Most biodiversity databases are composed of, or provide access to, a variety of sources. Hence, they integrate data of varying quality, often compiled and curated at different times and places. Unfortunately, the available meta‐data, for example on the nature of the records (museum specimen, survey, citizen science observation), the collection method (GPS record, grid cell from an atlas project) and collection‐time, varies and often meta‐data are missing. As a consequence, data quality in online databases is a major concern, and has limited their utility and reliability for research and conservation (Anderson et al., 2016; Chapman, 2005; Gratton et al., 2017; Yesson et al., 2007).

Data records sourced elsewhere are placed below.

(* Let $d\ge1$, $D=\{1,\dots,d\}$, let $\Pi,Q$ be $d\times d$ stochastic matrices indexed by $D$, let $\pi=(\pi_j)_{j\in D}$ be a probability vector, and let $\varphi^{(O)}_H$ be the quantum Markov chain on $\mathcal{A}_H=\bigotimes_{\mathbb{N}}\mathcal{M}_d$ with initial state $\varphi_{H,0}(\cdot)=\operatorname{Tr}(W_0\,\cdot)$, $W_0=\sum_{j\in D}\pi_je_{jj}$, and transition expectation $\mathcal{E}^{(O)}_H(a\otimes b)=a\diamond P_{H,O}(\mathbf{1}_d)\diamond P_H(b)$. Let $e\in\mathcal{M}_d$ be a projection, and write $e^\perp=\mathbf{1}_d-e=(e^\perp_{ij})_{i,j\in D}$. If $$q:=\sum_{i,j\in D}e^\perp_{ij}<\frac1d,$$ then $e$ is $\varphi^{(O)}_H$-recurrent.
   Context: $\mathcal{M}_d$: complex $d\times d$ matrices, identity $\mathbf{1}_d$, matrix units $e_{ij}$; $\diamond$ is the Schur (entrywise) product; stochastic matrices have nonnegative entries and row sums $1$. $P_H(A)=\sum_{i,j,k,l}\sqrt{\Pi_{ik}\Pi_{jl}}\,a_{kl}e_{ij}$, $P_{H,O}(B)=\sum_{i,j,k,l}\sqrt{Q_{ik}Q_{jl}}\,b_{kl}e_{ij}$. ($\varphi^{(O)}_H$ is the restriction to the hidden algebra of the Bi-entangled hidden Markov chain built from $\Pi$, $Q$ and $\varphi_{H,0}$.) $j_{H_m}(a)$ denotes $a$ at site $m$ of $\mathcal{A}_H$; the chain satisfies $\varphi^{(O)}_H(j_{H_0}(a_0)\cdots j_{H_n}(a_n))=\varphi_{H,0}(\mathcal{E}^{(O)}_H(a_0\otimes\mathcal{E}^{(O)}_H(a_1\otimes\cdots\mathcal{E}^{(O)}_H(a_n\otimes\mathbf{1}_d)\cdots)))$. For the projection $e$: $\tau_{e;0}=j_{H_0}(e)$, $\tau_{e;k}=j_{H_0}(e^\perp)\cdots j_{H_{k-1}}(e^\perp)j_{H_k}(e)$, and $e\otimes\tau_{e;n}:=j_{H_0}(e)j_{H_1}(e^\perp)\cdots j_{H_n}(e^\perp)j_{H_{n+1}}(e)$. The projection $e$ is $\varphi^{(O)}_H$-recurrent if $\varphi^{(O)}_H(j_{H_0}(e))\ne0$ and $\frac{1}{\varphi^{(O)}_H(j_{H_0}(e))}\sum_{n\ge0}\varphi^{(O)}_H(e\otimes\tau_{e;n})=1$. *)

theory Defs
  imports Complex_Main
begin

text \<open>Complex d x d matrices are represented as functions nat => nat => complex,
  indexed by D = {1..d}; entries outside D are irrelevant.\<close>

type_synonym cmat = "nat \<Rightarrow> nat \<Rightarrow> complex"

definition idx :: "nat \<Rightarrow> nat set" where
  "idx d = {1..d}"

definition one_m :: cmat where
  "one_m = (\<lambda>i j. if i = j then 1 else 0)"

definition mmult :: "nat \<Rightarrow> cmat \<Rightarrow> cmat \<Rightarrow> cmat" where
  "mmult d a b = (\<lambda>i j. \<Sum>k\<in>idx d. a i k * b k j)"

definition mtrace :: "nat \<Rightarrow> cmat \<Rightarrow> complex" where
  "mtrace d a = (\<Sum>j\<in>idx d. a j j)"

definition schur :: "cmat \<Rightarrow> cmat \<Rightarrow> cmat" where
  "schur a b = (\<lambda>i j. a i j * b i j)"

definition stochastic :: "nat \<Rightarrow> (nat \<Rightarrow> nat \<Rightarrow> real) \<Rightarrow> bool" where
  "stochastic d P \<longleftrightarrow> (\<forall>i\<in>idx d. \<forall>j\<in>idx d. 0 \<le> P i j) \<and> (\<forall>i\<in>idx d. (\<Sum>j\<in>idx d. P i j) = 1)"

In the case of species occurrence records for extant taxa, problems with the geographical location constitute a major concern. In particular, erroneous or overly imprecise geographical coordinates can bias biodiversity patterns at multiple spatial scales (Maldonado et al., 2015). Common problems include (a) occurrence records assigned to country or province centroids due to automated geo‐referencing from vague locality description, (b) records with switched latitude and longitude, (c) zero coordinates due to data entry errors, (d) records from zoos, botanical gardens or museums, (e) records based on rasterized collections and (f) records that have been subject to strong decimal rounding (Table 1, Gueta & Carmel, 2016; Maldonado et al., 2015; Robertson, Visser, and Hui, 2016; Yesson et al., 2007). Records affected by these issues can cause severe bias depending on the research question and the geographical scale of analyses (Graham et al., 2008; Gueta & Carmel, 2016; Johnson & Gillingham, 2008).
| Test function | Level | Flags | Main error source | GBIF (%) | PBDB (%) |
|---|---|---|---|---|---|
| cc_cap | REC | Radius around country capitals | Imprecise geo‐referencing based on vague locality description | 1.1 | – |
| cc_cen | REC | Radius around country and province centroids | Imprecise geo‐referencing based on vague locality description | 1.8 | 1 |
| cc_coun | REC | Records outside indicated country borders | Various, e.g. swapped latitude and longitude | – | – |
| cc_dupl | REC | Records from one species with identical coordinates | Various, e.g. duplicates from various institutions, records from genetic sequencing data | – | – |
| cc_equ | REC | Records with identical lon/lat | Data entry errors | 1.6 | 1 |
| cc_gbif | REC | Radius around the GBIF headquarters in Copenhagen | Data entry errors, erroneous geo‐referencing | 0 | 0 |
| cc_inst | REC | Radius around biodiversity institutions | Cultivated/captured individuals, data entry errors | 0.8 | 0 |
| cc_iucn | REC | Records outside external range polygon | Naturalized individuals, data entry errors | – | – |
| cc_outl | REC | Geographically isolated records of a species | Various, e.g. swapped latitude and longitude | – | – |
| cc_sea | REC | Records located within oceans | Various, e.g. swapped latitude and longitude | 0.1 | – |
| cc_urb | REC | Records from within urban areas | Cultivated individuals, old records | – | – |
| cc_val | REC | Records outside lat/lon coordinate system | Data entry errors, e.g. wrong decimal delimiter | 0 | 0 |
| cc_zero | REC | Plain zeros in the coordinates and a radius around (0/0) | Data entry errors, failed geo‐referencing | 1.6 | 0.01 |
| cd_ddmm | DS | Over proportional drop of records at 0.6 | Erroneous conversion from dd.mm to dd.dd | 4.1% datasets | – |
| cd_round | DS | Decimal periodicity or over proportional number of zero decimals | Rasterized or rounded data | 18.5% datasets | – |
| cf_age | FOS/REC | Temporal outliers in fossil age or collection year | Various | – | – |
| cf_equal | FOS | General time validity | Data entry errors | – | 0 |
| cf_range | FOS | Overly imprecise age ranges | Lack of data | – | 3.3 |
| cf_outl | FOS | Outliers in space‐time | Data entry error | – | 2.1 |
- REC, record‐level; DS, dataset‐level; FOS, fossil‐level; dd.mm, degree minute annotation; dd.dd, decimal degree annotation; GBIF, Global Biodiversity Information Facility; PBDB, Paleobiology Database.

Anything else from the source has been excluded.